En 2001 l’Organisation mondiale de la santé (OMS) proclame l’artémisine comme étant le plus grand espoir mondial contre le paludisme. Mais elle doit adoucir ses propos dès 2006 et ne plus encourager l’artémisine en monothérapie de crainte que certaines résistances s’installent. L’artémisine ne tue pas le parasite, elle ne fait que l’affaiblir. De fait, des études ont révélé la présence de foyers de résistances dès 2009.

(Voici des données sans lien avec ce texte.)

(* Let $\mathcal O_M\subseteq\mathcal O_L$ be a quadratic extension of Dedekind domains with fraction fields $M\subseteq L$, $L/M$ Galois with $\operatorname{Gal}(L/M)=\langle\sigma\rangle\cong{\mathbf Z}/2{\mathbf Z}$. Define $\mathrm{ATr}:\mathcal O_L\to\mathcal O_L$ by $\mathrm{ATr}(x)=x-x^\sigma$ and $\mathscr A=\mathrm{ATr}(\mathcal O_L)$. Then for every nonzero ideal $I\subseteq\mathcal O_M$, \[ \mathcal O_M+I\mathcal O_L=\{x\in\mathcal O_L\mid \mathrm{ATr}(x)\in I\mathscr A\}. \] Moreover $\mathscr A$ is a projective $\mathcal O_M$-module of rank $1$.
   Context: "Quadratic extension of Dedekind domains" means $\mathcal O_L$ is a Dedekind domain containing $\mathcal O_M$, finitely generated as an $\mathcal O_M$-module, with $[L:M]=2$. *)

theory Defs
  imports "HOL-Computational_Algebra.Polynomial"
begin

text \<open>All rings are subrings of an ambient field 'a (the field L).\<close>

definition subring :: "'a::field set \<Rightarrow> bool" where
  "subring R \<longleftrightarrow> 0 \<in> R \<and> 1 \<in> R \<and>
     (\<forall>x\<in>R. \<forall>y\<in>R. x + y \<in> R \<and> x - y \<in> R \<and> x * y \<in> R)"

definition frac :: "'a::field set \<Rightarrow> 'a set" where
  "frac R = {a / b | a b. a \<in> R \<and> b \<in> R \<and> b \<noteq> 0}"

definition set_mult :: "'a::field set \<Rightarrow> 'a set \<Rightarrow> 'a set" where
  "set_mult X Y = {\<Sum>k<n. x k * y k | (n::nat) x y. \<forall>k<n. x k \<in> X \<and> y k \<in> Y}"

definition ideal_of :: "'a::field set \<Rightarrow> 'a set \<Rightarrow> bool" where
  "ideal_of R I \<longleftrightarrow> I \<subseteq> R \<and> 0 \<in> I \<and>
     (\<forall>x\<in>I. \<forall>y\<in>I. x + y \<in> I) \<and> (\<forall>r\<in>R. \<forall>x\<in>I. r * x \<in> I)"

Malgré la quinine, la chloroquine, l’artémisine et tout le reste de l’arsenal thérapeutique à notre disposition, le paludisme demeure une maladie grave. Ainsi en 2008, à l’échelle mondiale, 247 millions de personnes en étaient atteintes dont pas moins d’un million de personnes sont mortes. Toujours selon Santé Canada, il s’agit de la principale infection pouvant mettre en danger la vie des Canadiens qui voyagent dans des régions où cette maladie est endémique. Le taux de mortalité parmi les cas graves d’infection à Plasmodium falciparum peut atteindre les 20 % et plus. Les patients doivent être hospitalisés sur-le-champ et recevoir un traitement médical urgent et intensif, dont un antipaludéen par voie parentérale. Le paludisme grave n’est pas fréquent au Canada, en moyenne 14 cas étant enregistrés par année (de 8 à 20 cas chaque année entre 2001 et 2008).

La quinine a donné naissance à l’industrie pharmaceutique et nous rappelle tout au long de son histoire l’importance de continuer à investir dans la recherche de nouveaux médicaments. La guerre entre l’homme et les divers agents infectieux n’est jamais gagnée et sans nouveaux médicaments disponibles en cas opportun, les pathogènes gagnent du terrain.